Spanish 10-year bond yields this week surged to a euro-era record above 7.6 percent, fueling speculation it may require a full-scale bailout. The ECB this month cut its benchmark rate to a record low of 0.75 percent and took its deposit rate to zero as the worsening economic outlook damps inflation pressures.
Growth Dynamics

“Growth dynamics for the euro zone as such are tending to be lower than we had been expecting at the start of the year,” Nowotny said. “Inflation also tends to be lower, and what we see is that divergences in the economic dynamics between member countries of the euro zone unfortunately have a tendency to increase.”

While Nowotny didn’t rule out further downward moves in interest rates, which could involve lowering the deposit rate into negative territory, he said this “has to be decided at a later stage.”

“We do not have experience of course with negative deposit rates,” he said. “Some central banks are experimenting with this, for instance the Danish central bank. There might be some technical problems to applying negative rates for the deposit rate. For the time being this is not a practical aspect that is being discussed.”

Inflation will come down, Nowotny said, adding in a separate interview with Bloomberg Television that the ECB sees “no deflation perspective.”
Bank Supervisor

Nowotny urged European leaders not to rush plans to construct a single European bank supervisor, which will likely result in the ECB assuming greater powers as the euro area attempts to break the link between failing banks and sovereigns. The European Commission is due to present proposals in September.

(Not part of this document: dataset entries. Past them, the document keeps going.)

lemma expected_miss_prob_le_error_terms:
  fixes M :: "'a measure" and w :: "'a \<Rightarrow> nat \<Rightarrow> real" and N :: nat
  assumes ppp: "is_ppp_atoms M w" and \<beta>: "0 < \<beta>" "\<beta> < 1" and "1 \<le> \<gamma>" "a \<le> \<gamma>" "0 < \<delta>"
    and ident: "1 - a * \<beta> - \<gamma> * (1 - \<beta>) = 2 * \<beta> * \<delta>"
    and N: "1 \<le> N" and small: "exp 1 * real N powr (a - \<gamma>) \<le> 1" "2 * (exp 1 * real N powr (- \<delta>)) \<le> 1"
  shows "expected_miss_prob M w \<beta> (real N powr (- a)) (nat \<lceil>real N powr \<gamma>\<rceil>) N
    \<le> exp (- real N) + exp 1 * real N powr (a - \<gamma>) + 2 * (exp 1 * real N powr (- \<delta>))
      + 2 * real N powr \<gamma> * exp (- ((1 - \<beta>) / 2 * real N powr (\<beta> * \<delta>)))"
proof -
  define n where "n = nat \<lceil>real N powr \<gamma>\<rceil>"
  define u where "u j = real N powr \<delta> / real j" for j :: nat
  have N_le: "real N \<le> real N powr \<gamma>" and n: "real N powr \<gamma> \<le> real n" "real n \<le> 2 * real N powr \<gamma>"
    using nat_ceiling_powr_bounds[OF N \<open>1 \<le> \<gamma>\<close>] unfolding n_def by auto
  have npos: "0 < real n" using n N_le N by linarith
  have Npos: "0 < real N" using N by simp
  have "1 / real n \<le> real N powr (- a)"
  proof -
    have "real N powr a \<le> real n"
      using powr_mono[OF \<open>a \<le> \<gamma>\<close>, of "real N"] N n by simp
    then show ?thesis
      using npos Npos by (simp add: powr_minus field_simps)
  qed
  moreover have "1 / real n \<le> u j" if "j \<in> {1..n}" for j
  proof -
    have "1 \<le> real N powr \<delta>" using N \<open>0 < \<delta>\<close> by (simp add: ge_one_powr_ge_zero)
    then show ?thesis
      using that unfolding u_def by (simp add: frac_le)
  qed
  moreover have "(\<Sum>j=1..n. u j powr \<beta>) \<le> real N powr (\<delta> * \<beta>) * real n powr (1 - \<beta>) / (1 - \<beta>)"
  proof -
    have "(\<Sum>j=1..n. u j powr \<beta>) = real N powr (\<delta> * \<beta>) * (\<Sum>j=1..n. real j powr (- \<beta>))"
      unfolding u_def sum_distrib_left using Npos
      by (intro sum.cong) (auto simp: powr_divide powr_powr powr_minus_divide)
    also have "\<dots> \<le> real N powr (\<delta> * \<beta>) * (real n powr (1 - \<beta>) / (1 - \<beta>))"
      using \<beta> by (intro mult_left_mono sum_powr_neg_le) auto
    finally show ?thesis by simp
  qed
  ultimately have "expected_miss_prob M w \<beta> (real N powr (- a)) n N
      \<le> measure M {x \<in> space M. atom_count (w x) {1 / real n..} = 0}
      + measure M {x \<in> space M. Suc n \<le> atom_count (w x) {real N powr (- a)..}}
      + (\<Sum>j=1..n. measure M {x \<in> space M. j \<le> atom_count (w x) {u j..}})
      + real n * exp (- (real N * (real N powr (- a)) powr \<beta> /
          (real N powr (\<delta> * \<beta>) * real n powr (1 - \<beta>) / (1 - \<beta>))))"
    using npos \<beta> by (intro expected_miss_prob_le[OF ppp]) auto
  moreover have "measure M {x \<in> space M. atom_count (w x) {1 / real n..} = 0} \<le> exp (- real N)"
    using ppp_count_atLeast[OF ppp, of "1 / real n" 0] npos N_le n by simp
  moreover have "measure M {x \<in> space M. Suc n \<le> atom_count (w x) {real N powr (- a)..}}
      \<le> exp 1 * real N powr (a - \<gamma>)"
    using N \<open>a \<le> \<gamma>\<close> n small by (intro prob_many_atoms_above_le[OF ppp])
  moreover have "(\<Sum>j=1..n. measure M {x \<in> space M. j \<le> atom_count (w x) {u j..}})
      \<le> 2 * (exp 1 * real N powr (- \<delta>))"
  proof -
    have "(\<Sum>j=1..n. measure M {x \<in> space M. j \<le> atom_count (w x) {u j..}})
        \<le> (\<Sum>j=1..n. (exp 1 * real N powr (- \<delta>)) ^ j)"
      unfolding u_def using N \<open>0 < \<delta>\<close> by (intro sum_mono prob_atoms_above_scaled_le[OF ppp]) auto
    also have "\<dots> \<le> 2 * (exp 1 * real N powr (- \<delta>))"
      using small by (intro sum_power_le_double) auto
    finally show ?thesis .
  qed
  moreover have "real n * exp (- (real N * (real N powr (- a)) powr \<beta> /
          (real N powr (\<delta> * \<beta>) * real n powr (1 - \<beta>) / (1 - \<beta>))))
      \<le> 2 * real N powr \<gamma> * exp (- ((1 - \<beta>) / 2 * real N powr (\<beta> * \<delta>)))"
    using npos n by (intro sampling_term_le[OF \<beta> N ident])
  ultimately show ?thesis unfolding n_def by linarith
qed
lemma laplacian_form_punctured_ones_eq_codegree_sum:
  "laplacian_form k E (\<lambda>v. if v = j then 0 else 1) = (\<Sum>v\<in>{1..n} - {j}. real (codegree E v j))"
proof -
  let ?y = "\<lambda>v. if v = j then 0 else 1 :: real"
  have "(\<Sum>e\<in>{e\<in>E. j \<notin> e}. (\<Sum>v\<in>e. ?y v ^ k) - real k * (\<Prod>v\<in>e. ?y v)) = 0"
  proof (rule sum.neutral, rule ballI)
    fix e assume "e \<in> {e\<in>E. j \<notin> e}"
    then show "(\<Sum>v\<in>e. ?y v ^ k) - real k * (\<Prod>v\<in>e. ?y v) = 0"
      using edge_subset_card[of e] k_pos by (simp add: sum_punctured_ones_power)
  qed
  moreover have "(\<Sum>v=1..n. ?y v ^ k * codegree E v j) = (\<Sum>v\<in>{1..n} - {j}. real (codegree E v j))"
    using k_pos by (intro sum.mono_neutral_cong_right) auto
  ultimately show ?thesis
    using laplacian_form_vanishing_at[of ?y j] by simp
qed

lemma laplacian_form_punctured_ones:
  "laplacian_form k E (\<lambda>v. if v = j then 0 else 1) = real (hdegree E j) * (real k - 1)"
proof -
  let ?y = "\<lambda>v. if v = j then 0 else 1 :: real"
  have "laplacian_form k E ?y = (\<Sum>e\<in>E. if j \<in> e then real k - 1 else 0)"
    unfolding laplacian_form_def
  proof (rule sum.cong[OF refl])
    fix e assume "e \<in> E"
    then have e: "finite e" "card e = k" using edge_subset_card by auto
    show "(\<Sum>v\<in>e. ?y v ^ k) - real k * (\<Prod>v\<in>e. ?y v) = (if j \<in> e then real k - 1 else 0)"
    proof (cases "j \<in> e")
      case True
      then show ?thesis using e k_pos by (simp add: sum_punctured_ones_power of_nat_diff)
    qed (use e k_pos in \<open>simp add: sum_punctured_ones_power\<close>)
  qed
  also have "\<dots> = real (hdegree E j) * (real k - 1)"
    using finite_edges by (simp add: sum.If_cases hdegree_def Int_def)
  finally show ?thesis .
qed

lemma perron_feasible_normalize:
  fixes y :: "nat \<Rightarrow> real"
  defines "S \<equiv> \<Sum>v=1..n. y v ^ k"
  assumes "\<forall>v\<in>{1..n}. 0 \<le> y v" "y j = 0" "0 < S"
  shows "perron_feasible n k j (\<lambda>v. root k (1 / S) * y v)"
proof -
  have "root k (1 / S) ^ k = 1 / S"
    using assms k_pos by (simp add: real_root_pow_pos2)
  moreover have "(\<Sum>v=1..n. (root k (1 / S) * y v) ^ k) = root k (1 / S) ^ k * S"
    unfolding S_def by (simp add: power_mult_distrib sum_distrib_left)
  ultimately have "(\<Sum>v=1..n. (root k (1 / S) * y v) ^ k) = 1"
    using assms(4) by simp
  then show ?thesis
    using assms unfolding perron_feasible_def by (simp add: real_root_ge_zero)
qed
theorem mainTheorem3:
  fixes T Ts :: "'a::{real_inner, complete_space} \<Rightarrow> 'a"
  assumes "bounded_linear T"
    and "is_adjoint T Ts"
    and "left_invertible T"
  defines "T' \<equiv> cauchy_dual T Ts"
  shows "((two_isometry T Ts \<and> (Ts \<circ> T) ` ker Ts \<subseteq> ker Ts)
           \<longleftrightarrow> (two_isometry T Ts \<and> (Ts \<circ> T) ` range T \<subseteq> range T))
       \<and> ((two_isometry T Ts \<and> (Ts \<circ> T) ` range T \<subseteq> range T)
           \<longleftrightarrow> (\<forall>x. T' x - 2 *\<^sub>R T x + Ts (T (T x)) = 0))
       \<and> ((\<forall>x. T' x - 2 *\<^sub>R T x + Ts (T (T x)) = 0)
           \<longleftrightarrow> (\<forall>x. Ts (T (T (Ts (T x)))) - 2 *\<^sub>R T (Ts (T x)) + T x = 0))
       \<and> ((\<forall>x. Ts (T (T (Ts (T x)))) - 2 *\<^sub>R T (Ts (T x)) + T x = 0)
           \<longleftrightarrow> (\<forall>x. T' (Ts (T x) - x) = Ts (T (T x)) - T x))"
proof -
  interpret gram_invertible T Ts
    using bounded_linear.linear[OF assms(1)] assms(2) bij_gram_if_left_invertible[OF assms(1-3)]
    by (rule gram_invertible.intro)
  have iii: "(\<forall>x. T' x - 2 *\<^sub>R T x + Ts (T (T x)) = 0) \<longleftrightarrow> (\<forall>x. dual_defect x = 0)"
    by (simp add: T'_def dual_defect_def)
  have iii_iv: "(\<forall>x. dual_defect x = 0)
      \<longleftrightarrow> (\<forall>x. Ts (T (T (Ts (T x)))) - 2 *\<^sub>R T (Ts (T x)) + T x = 0)"
    unfolding dual_defect_zero_iff_at_gram dual_defect_gram ..
  have iii_v: "(\<forall>x. dual_defect x = 0) \<longleftrightarrow> (\<forall>x. T' (Ts (T x) - x) = Ts (T (T x)) - T x)"
    unfolding T'_def dual_defect_zero_iff_intertwining ..
  show ?thesis
    unfolding iii iii_iv [symmetric] iii_v [symmetric]
    using dual_defect_zero_if_ker_invariant dual_defect_zero_iff_range_invariant
      adjoint_gram_invariant_ker[OF adjoint]
    by blast
qed

end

“I personally very strongly advocate that our first priority should be to build a high-quality, stable system,” he said. “Quality is more important than velocity.”

Nowotny said while he doesn’t consider that all of the EU’s 27 members would submit to the new single supervisor -- the U.K. being the most likely outsider -- large, cross-border institutions and smaller local banks should be overseen by the same regulator with powers to intervene when needed.

“For the smaller banks the prime operational side for technical reasons has to be with the national supervisors,” he said. “Only they have the manpower, the local knowledge, the direct access.”

At the same time, the ECB should have “the right to intervene in specific cases,” Nowotny said. “It is possible to have supervision out of Frankfurt, but you have to work with the local supervisors.”